Work order:
In the listing below, locate the line containing "scaleC (c k)" and the line containing "v \<longleftrightarrow> adj". Output both of them and every line between, exactly as written, and nothing more.

Raw data:
§ §

(* Let $\mathcal A$ be a unital C*-algebra with centre $\mathcal Z$, $\rho$ a unital endomorphism of $\mathcal A$ with weak permutation symmetry $\varepsilon$ and dimension $d\ge2$, and $\mathcal B$ a minimal crossed product of $\mathcal A$ by $\rho$, with isometries $\psi_1,\dots,\psi_d$ and endomorphism $\sigma$. Let $E=\mathrm{span}\{\psi_if: i=1,\dots,d,\ f\in C(X^\rho)\}\subseteq\mathcal B$. Then $E=(\iota_{\mathcal B},\sigma):=\{b\in\mathcal B:\sigma(b')b=bb'\ \forall b'\in\mathcal B\}$.
   Context: For a unital endomorphism $\rho$ of $\mathcal A$: $(\rho^r,\rho^s)=\{t\in\mathcal A:\rho^s(a)t=t\rho^r(a)\ \forall a\in\mathcal A\}$ ($\rho^0=\mathrm{id}$). $\mathcal Z^\rho=\{f\in\mathcal Z:\rho(f)=f\}$, and $X^\rho$ is its spectrum, so $\mathcal Z^\rho\cong C(X^\rho)$. $\mathbb P_\infty$ is the group of finite permutations of $\mathbb N=\{1,2,\dots\}$, $\mathbb P_n$ those of $\{1,\dots,n\}$, and $\mathbb S$ the shift $(\mathbb Sp)(1)=1$, $(\mathbb Sp)(n)=1+p(n-1)$. A weak permutation symmetry (WPS) of $\rho$ is a unitary representation $p\mapsto\varepsilon(p)$ of $\mathbb P_\infty$ in $\mathcal A$ with $\varepsilon(\mathbb Sp)=\rho(\varepsilon(p))$ and $\varepsilon(p)\in(\rho^n,\rho^n)$ for $p\in\mathbb P_n$; $d$ denotes the (Doplicher–Roberts) dimension of $(\rho,\varepsilon)$. Let $\mathcal O_d$ be the Cuntz algebra on $d$ generators and, for $p\in\mathbb P_n$, $\theta(p)\in\mathcal O_d$ the unitary implementing the permutation $p$ of the tensor factors of $H^{\otimes n}$ ($H=\mathbb C^d$), written in the canonical generators. A minimal crossed product (mCP) of $\mathcal A$ by $\rho$ is a unital C*-algebra $\mathcal B\supseteq\mathcal A$ such that: (1) $\mathcal B$ is generated by $\mathcal A$ and isometries $\psi_1,\dots,\psi_d$ with $\psi_i^*\psi_j=\delta_{ij}1$, $\sum_i\psi_i\psi_i^*=1$ (giving a monomorphism $j:\mathcal O_d\to\mathcal B$), and one sets $\sigma(b)=\sum_i\psi_ib\psi_i^*$, $b\in\mathcal B$; (2) $\sigma(a)=\rho(a)$ for $a\in\mathcal A$; (3) $\mathcal A'\cap\mathcal B=\mathcal Z$; (4) $j(\theta(p))=\varepsilon(p)$ for all $p\in\mathbb P_\infty$. *)

theory Defs
  imports "HOL-Analysis.Analysis"
begin

class cstar_algebra = real_normed_algebra_1 + banach +
  fixes scaleC :: "complex \<Rightarrow> 'a \<Rightarrow> 'a"
    and adj :: "'a \<Rightarrow> 'a"
  assumes scaleC_add_right: "scaleC c (x + y) = scaleC c x + scaleC c y"
    and scaleC_add_left: "scaleC (c + e) x = scaleC c x + scaleC e x"
    and scaleC_scaleC: "scaleC c (scaleC e x) = scaleC (c * e) x"
    and scaleC_one: "scaleC 1 x = x"
    and scaleR_scaleC: "scaleR r x = scaleC (complex_of_real r) x"
    and norm_scaleC: "norm (scaleC c x) = cmod c * norm x"
    and mult_scaleC_left: "scaleC c x * y = scaleC c (x * y)"
    and mult_scaleC_right: "x * scaleC c y = scaleC c (x * y)"
    and adj_adj: "adj (adj x) = x"
    and adj_add: "adj (x + y) = adj x + adj y"
    and adj_scaleC: "adj (scaleC c x) = scaleC (cnj c) (adj x)"
    and adj_mult: "adj (x * y) = adj y * adj x"
    and cstar_identity: "norm (adj x * x) = (norm x)\<^sup>2"

definition csubalg :: "'a::cstar_algebra set \<Rightarrow> bool" where
  "csubalg S \<longleftrightarrow> 1 \<in> S \<and> closed S \<and>
     (\<forall>x\<in>S. \<forall>y\<in>S. x + y \<in> S \<and> x * y \<in> S) \<and>
     (\<forall>c. \<forall>x\<in>S. scaleC c x \<in> S) \<and> (\<forall>x\<in>S. adj x \<in> S)"

definition cstar_span :: "'a::cstar_algebra set \<Rightarrow> 'a set" where
  "cstar_span S = {(\<Sum>k<(n::nat). scaleC (c k) (v k)) | n c v. \<forall>k<n. v k \<in> S}"

definition cunitary :: "'a::cstar_algebra \<Rightarrow> bool" where
  "cunitary u \<longleftrightarrow> adj u * u = 1 \<and> u * adj u = 1"

definition cisometry :: "'a::cstar_algebra \<Rightarrow> bool" where
  "cisometry v \<longleftrightarrow> adj v * v = 1"

definition centre :: "'a::cstar_algebra set \<Rightarrow> 'a set" where
  "centre A = {z \<in> A. \<forall>a\<in>A. z * a = a * z}"

definition unital_endo :: "'a::cstar_algebra set \<Rightarrow> ('a \<Rightarrow> 'a) \<Rightarrow> bool" where
  "unital_endo A \<rho> \<longleftrightarrow> (\<forall>a\<in>A. \<rho> a \<in> A) \<and> \<rho> 1 = 1 \<and>
     (\<forall>a\<in>A. \<forall>b\<in>A. \<rho> (a + b) = \<rho> a + \<rho> b \<and> \<rho> (a * b) = \<rho> a * \<rho> b) \<and>
     (\<forall>c. \<forall>a\<in>A. \<rho> (scaleC c a) = scaleC c (\<rho> a)) \<and>
     (\<forall>a\<in>A. \<rho> (adj a) = adj (\<rho> a))"

definition intertw :: "'a::cstar_algebra set \<Rightarrow> ('a \<Rightarrow> 'a) \<Rightarrow> nat \<Rightarrow> nat \<Rightarrow> 'a set" where
  "intertw A \<rho> r s = {t \<in> A. \<forall>a\<in>A. (\<rho>^^s) a * t = t * (\<rho>^^r) a}"

text \<open>Fixed-point algebra Z^rho of the centre; identified with C(X^rho) via Gelfand.\<close>
definition centre_fix :: "'a::cstar_algebra set \<Rightarrow> ('a \<Rightarrow> 'a) \<Rightarrow> 'a set" where
  "centre_fix A \<rho> = {f \<in> centre A. \<rho> f = f}"

text \<open>Permutations of {1,2,...} are encoded as bijections of nat fixing 0.\<close>
definition finperm :: "(nat \<Rightarrow> nat) \<Rightarrow> bool" where
  "finperm p \<longleftrightarrow> bij p \<and> p 0 = 0 \<and> finite {k. p k \<noteq> k}"

definition permn :: "nat \<Rightarrow> (nat \<Rightarrow> nat) \<Rightarrow> bool" where
  "permn n p \<longleftrightarrow> finperm p \<and> (\<forall>k>n. p k = k)"

definition shiftp :: "(nat \<Rightarrow> nat) \<Rightarrow> nat \<Rightarrow> nat" where
  "shiftp p = (\<lambda>k. if k \<le> 1 then k else 1 + p (k - 1))"

definition WPS :: "'a::cstar_algebra set \<Rightarrow> ('a \<Rightarrow> 'a) \<Rightarrow> ((nat \<Rightarrow> nat) \<Rightarrow> 'a) \<Rightarrow> bool" where
  "WPS A \<rho> \<epsilon> \<longleftrightarrow>
     (\<forall>p. finperm p \<longrightarrow> \<epsilon> p \<in> A \<and> cunitary (\<epsilon> p)) \<and>
     (\<forall>p q. finperm p \<longrightarrow> finperm q \<longrightarrow> \<epsilon> (p \<circ> q) = \<epsilon> p * \<epsilon> q) \<and>
     (\<forall>p. finperm p \<longrightarrow> \<epsilon> (shiftp p) = \<rho> (\<epsilon> p)) \<and>
     (\<forall>n p. permn n p \<longrightarrow> \<epsilon> p \<in> intertw A \<rho> n n)"

primrec psiword :: "(nat \<Rightarrow> 'a::cstar_algebra) \<Rightarrow> (nat \<Rightarrow> nat) \<Rightarrow> nat \<Rightarrow> 'a" where
  "psiword \<psi> I 0 = 1"
| "psiword \<psi> I (Suc n) = psiword \<psi> I n * \<psi> (I (Suc n))"

text \<open>Multi-indices of length n with entries in {0..<d} (generators indexed by i < d).\<close>
definition multiidx :: "nat \<Rightarrow> nat \<Rightarrow> (nat \<Rightarrow> nat) set" where
  "multiidx d n = {I. (\<forall>k\<in>{1..n}. I k < d) \<and> (\<forall>k. k \<notin> {1..n} \<longrightarrow> I k = 0)}"

text \<open>Image under j of thetaB(p), p in P_n: the cunitary sending
  e_{i_1} (x) ... (x) e_{i_n} to e_{i_{p^-1(1)}} (x) ... (x) e_{i_{p^-1(n)}}.\<close>
definition thetaB :: "(nat \<Rightarrow> 'a::cstar_algebra) \<Rightarrow> nat \<Rightarrow> nat \<Rightarrow> (nat \<Rightarrow> nat) \<Rightarrow> 'a" where
  "thetaB \<psi> d n p = (\<Sum>I\<in>multiidx d n. psiword \<psi> (I \<circ> inv p) n * adj (psiword \<psi> I n))"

§ §

Expected answer:
  "cstar_span S = {(\<Sum>k<(n::nat). scaleC (c k) (v k)) | n c v. \<forall>k<n. v k \<in> S}"

definition cunitary :: "'a::cstar_algebra \<Rightarrow> bool" where
  "cunitary u \<longleftrightarrow> adj u * u = 1 \<and> u * adj u = 1"

definition cisometry :: "'a::cstar_algebra \<Rightarrow> bool" where
  "cisometry v \<longleftrightarrow> adj v * v = 1"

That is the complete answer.